Question 7: Do you think it would be more advantageous for the Bureau of Labor Statistics to report mean or median price of goods if they wanted to make the current administration look better in terms of handling the economy?

Meaningless Statistics

The following is an excerpt from the book “Flaws and Fallacies in Statistical Thinking” by Stephen K. Campbell, with small edits.

“… a tale told by an idiot, full of sound and fury, signifying nothing.” - Shakespeare

It seems to me that if someone is going to waste my time and insult my intelligence by foisting Meaning Statistics upon me, [they] should at least by the common decency to see that [their] offerings are funny… Most Meaningless Statistics aren’t very funny.

An Example of Meaningless Statistics

The executive of a certain company claimed that about 75 percent of the entire organization had been with the company for many, many years. Is that not a truly impressive record? On second thought, just how impressive is it? The answer of course, depends entirely on what is meant by “many, many years,” a detail the executive saw fit to spare us.

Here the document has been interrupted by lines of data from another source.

lemma strict_partition_split_at:
  assumes \<sigma>: "strict_partition \<sigma> m s t" and "s \<le> u" "u < t"
    and nonneg: "\<And>a b. 0 \<le> g a b" and refl: "\<And>a. g a a = 0"
  obtains j A B where "\<sigma> j \<le> u" "u < \<sigma> (Suc j)" "0 \<le> A" "0 \<le> B"
    "partition_sum g \<sigma> m = A + g (\<sigma> j) (\<sigma> (Suc j)) + B"
    "A + g (\<sigma> j) u \<le> max_partition_sum g s u" "g u (\<sigma> (Suc j)) + B \<le> max_partition_sum g u t"
proof -
  obtain j where j: "j < m" "\<sigma> j \<le> u" "u < \<sigma> (Suc j)"
    using strict_partition_locate[OF \<sigma> assms(2,3)] by blast
  define A B where "A = partition_sum g \<sigma> j" and "B = partition_sum g (\<lambda>i. \<sigma> (i + Suc j)) (m - Suc j)"
  have "partition_sum g \<sigma> m = A + g (\<sigma> j) (\<sigma> (Suc j)) + B"
    using partition_sum_split[of "Suc j" m g \<sigma>] j(1) by (simp add: A_def B_def partition_sum_def)
  moreover have "A + g (\<sigma> j) u \<le> max_partition_sum g s u"
    using partition_sum_snoc_le[where g = g, OF strict_partition_prefix[OF \<sigma>] j(2) refl] j(1)
    by (simp add: A_def)
  moreover have "g u (\<sigma> (Suc j)) + B \<le> max_partition_sum g u t"
    using partition_sum_cons_le[where g = g, OF strict_partition_suffix[OF \<sigma>, of "Suc j"] j(3)] j(1)
    by (simp add: B_def)
  moreover have "0 \<le> A" "0 \<le> B"
    unfolding A_def B_def partition_sum_def by (simp_all add: nonneg sum_nonneg)
  ultimately show ?thesis
    using that j(2,3) by blast
qed

section \<open>Discrete p-variation\<close>

lemma pvar_eq_max_partition_sum:
  "pvar p dst s t = max_partition_sum (\<lambda>a b. dst a b powr p) s t powr (1 / p)"
  unfolding pvar_def max_partition_sum_def ..

lemma pvar_nonneg: "pvar p dst s t \<ge> 0"
  by (simp add: pvar_eq_max_partition_sum)

lemma pvar_refl: "pvar p dst s s = 0"
  by (simp add: pvar_eq_max_partition_sum max_partition_sum_refl)

lemma pvar_powr:
  assumes "p > 0" "s \<le> t"
  shows "pvar p dst s t powr p = max_partition_sum (\<lambda>a b. dst a b powr p) s t"
  using max_partition_sum_nonneg[OF _ assms(2), of "\<lambda>a b. dst a b powr p"] assms(1)
  by (simp add: pvar_eq_max_partition_sum powr_powr)

lemma pvar_Suc: "p > 0 \<Longrightarrow> dst s (Suc s) \<ge> 0 \<Longrightarrow> pvar p dst s (Suc s) = dst s (Suc s)"
  by (simp add: pvar_eq_max_partition_sum max_partition_sum_Suc powr_powr)

lemma dst_le_pvar:
  assumes "p > 0" "dst s t \<ge> 0" "s < t"
  shows "dst s t \<le> pvar p dst s t"
proof -
  have "dst s t = (dst s t powr p) powr (1 / p)"
    using assms(1,2) by (simp add: powr_powr)
  also have "\<dots> \<le> pvar p dst s t"
    unfolding pvar_eq_max_partition_sum using single_le_max_partition_sum[OF assms(3)] assms(1)
    by (intro powr_mono2) auto
  finally show ?thesis .
qed

lemma pvar_mono:
  assumes "p > 0" "s \<le> a" "a \<le> b" "b \<le> t"
  shows "pvar p dst a b \<le> pvar p dst s t"
proof -
  let ?g = "\<lambda>a b. dst a b powr p"
  have "0 \<le> max_partition_sum ?g a b" "max_partition_sum ?g a b \<le> max_partition_sum ?g s t"
    using max_partition_sum_nonneg[of ?g a b] max_partition_sum_mono[of ?g s a b t] assms by auto
  then show ?thesis
    unfolding pvar_eq_max_partition_sum using assms(1) by (intro powr_mono2) auto
qed

lemma pvar_powr_superadditive:
  "p > 0 \<Longrightarrow> s \<le> u \<Longrightarrow> u \<le> t
    \<Longrightarrow> pvar p dst s u powr p + pvar p dst u t powr p \<le> pvar p dst s t powr p"
  by (simp add: pvar_powr max_partition_sum_superadditive)

lemma pvar_le_scaled_pvar:
  assumes "p > 0" "K \<ge> 0" "s \<le> t" "\<And>a b. dst a b \<ge> 0"
    and bound: "\<And>a b. s \<le> a \<Longrightarrow> a < b \<Longrightarrow> b \<le> t \<Longrightarrow> dst a b \<le> K * pvar p dst' a b"
  shows "pvar p dst s t \<le> K * pvar p dst' s t"
proof -
  obtain \<sigma> m where \<sigma>: "strict_partition \<sigma> m s t"
    and opt: "pvar p dst s t powr p = partition_sum (\<lambda>a b. dst a b powr p) \<sigma> m"
    using max_partition_sum_attained[OF assms(3)] unfolding pvar_powr[OF assms(1,3)] .
  have "partition_sum (\<lambda>a b. dst a b powr p) \<sigma> m
      \<le> K powr p * partition_sum (max_partition_sum (\<lambda>a b. dst' a b powr p)) \<sigma> m"
    unfolding partition_sum_def sum_distrib_left
  proof (intro sum_mono)
    fix j assume "j \<in> {..<m}"
    then have j: "s \<le> \<sigma> j" "\<sigma> j < \<sigma> (Suc j)" "\<sigma> (Suc j) \<le> t"
      using strict_partition_bounds[OF \<sigma>] \<sigma> by (auto simp: strict_partition_def)
    have "dst (\<sigma> j) (\<sigma> (Suc j)) powr p \<le> (K * pvar p dst' (\<sigma> j) (\<sigma> (Suc j))) powr p"
      using bound[OF j] assms(1,4) by (intro powr_mono2) auto
    also have "\<dots> = K powr p * max_partition_sum (\<lambda>a b. dst' a b powr p) (\<sigma> j) (\<sigma> (Suc j))"
      using assms(2) pvar_powr[OF assms(1) less_imp_le[OF \<open>\<sigma> j < \<sigma> (Suc j)\<close>], of dst']
      by (simp add: powr_mult pvar_nonneg)
    finally show "dst (\<sigma> j) (\<sigma> (Suc j)) powr p
        \<le> K powr p * max_partition_sum (\<lambda>a b. dst' a b powr p) (\<sigma> j) (\<sigma> (Suc j))" .
  qed
  also have "\<dots> \<le> K powr p * max_partition_sum (\<lambda>a b. dst' a b powr p) s t"
    by (intro mult_left_mono partition_sum_max_partition_sum_le[OF \<sigma>]) simp
  also have "\<dots> = (K * pvar p dst' s t) powr p"
    using assms(2) pvar_powr[OF assms(1,3), of dst'] by (simp add: powr_mult pvar_nonneg)
  finally have "pvar p dst s t powr p \<le> (K * pvar p dst' s t) powr p"
    unfolding opt .
  then show ?thesis
    by (rule powr_le_powr_imp_le[OF assms(1), rotated]) (simp add: assms(2) pvar_nonneg)
qed
(* Let $M=(I,O,T,t_0,\tau,\mathit{out})$ be a Moore system, let $\Phi$ be a CTL* state formula over inputs $I$ and outputs $O$, and let $A=(2^O,2^I,Q,q_0,\delta,\mathit{Acc})$ be an alternating hesitant tree automaton accepting exactly the computation trees satisfying $\Phi$. Then $M\models\Phi$ if and only if there exist functions $\mathit{rch}:Q\times T\to\{\mathit{true},\mathit{false}\}$ and $\rho:Q\times T\to\mathbb N$ satisfying $$\mathit{rch}(q_0,t_0)\wedge\bigwedge_{(q,t)\in Q\times T}\Big[\mathit{rch}(q,t)\rightarrow\delta(q,\mathit{out}(t))\big[(d,q')\mapsto \mathit{rch}(q',\tau(t,d))\wedge\rho(q,t)\triangleright_{q,q'}\rho(q',\tau(t,d))\big]\Big],$$ where the substitution replaces every atom $(d,q')$ of the positive Boolean formula $\delta(q,\mathit{out}(t))$ by the indicated conjunction, and $\triangleright_{q,q'}$ is: if $q,q'$ lie in the same set $Q^N_j$, the B\"uchi comparison ($\mathit{true}$ if $q\in\mathit{Acc}$, and $\rho(q,t)>\rho(q',\tau(t,d))$ otherwise); if $q,q'$ lie in the same set $Q^U_j$, the co-B\"uchi comparison ($\rho(q,t)>\rho(q',\tau(t,d))$ if $q\in\mathit{Acc}$, and $\rho(q,t)\ge\rho(q',\tau(t,d))$ otherwise); otherwise $\mathit{true}$.
   Context: A Moore system has disjoint finite inputs $I$, outputs $O$, finite states $T$, initial state $t_0$, total transition function $\tau:T\times 2^I\to T$ and output function $\mathit{out}:T\to 2^O$; its computation tree has nodes $(2^I)^*$, node $w$ labelled $\mathit{out}(\tau(t_0,w))$, and $M\models\Phi$ means this tree satisfies $\Phi$ at the root. CTL* with inputs: state formulas are built from $\mathit{true},\mathit{false}$, outputs and negated outputs, $\wedge,\vee$, and $\mathsf A\varphi,\mathsf E\varphi$ for path formulas $\varphi$; path formulas are built from state formulas, inputs and negated inputs, $\wedge,\vee,\mathsf X,\mathsf U,\mathsf R$; on a tree path $n_1n_2\dots$ with $n_2=n_1\cdot e$, an input $i$ holds iff $i\in e$; otherwise semantics is standard. An alternating tree automaton $(2^O,2^I,Q,q_0,\delta,\mathit{acc})$ has $\delta:Q\times 2^O\to\mathcal B^+(2^I\times Q)$ (positive Boolean formulas, total with respect to directions); a run-tree on a computation tree labels the root with $(\epsilon,q_0)$ and, for a node labelled $(n,q)$, has children labelled $(n\cdot d_j,q_j)$ for a set $\{(d_j,q_j)\}$ satisfying $\delta(q,l(n))$; the automaton accepts if some run-tree has all branches accepting. It is hesitant if $Q$ is partitioned into sets $Q^N_1,\dots,Q^N_{k_N},Q^U_1,\dots,Q^U_{k_U}$ with a partial order on them such that for $q\in Q^N_j$ the atoms of $\delta(q,a)$ inside $Q^N_j$ are disjunctively related and all other atoms lie in lower sets, and dually for $q\in Q^U_j$ with conjunctively related atoms; a branch with state sequence $\pi$ is accepting iff either it eventually stays in some $Q^U_j$ and visits $\mathit{Acc}$ finitely often, or eventually stays in some $Q^N_j$ and visits $\mathit{Acc}$ infinitely often. *)

theory Defs
  imports Main "HOL-Library.Disjoint_Sets"
begin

The organization referred to is a manufacturer and distributor of stainless steel cookware, one of several brands sold exclusively by direct sales[people]. I admittedly have no idea what the sales[person]-turnover rate is for this particular company, but I do know that in most direct selling it is pretty high - so high, in fac, that “many, many years” could conceivably mean four or three or even few. (Not that it necessarily does, mind you. We simply have no way of telling from the information given.) The 75-percent figure sounds precise enough, but the entire claim fails to deliver the precision promised because the rest of it is so vague.

This is a fairly typical example of a Meaningless Statistic – a precise figure used in conjunction with a term sufficiently vague that a Friendly Definition is sorely needed to endow the figure with meaning. But such a definition is not provided, or, if one is provided, it is itself so vague that it doesn’t really help.

Question 8: Provide an example of a ‘meaningless statistic’ you have encountered or had foisted upon you.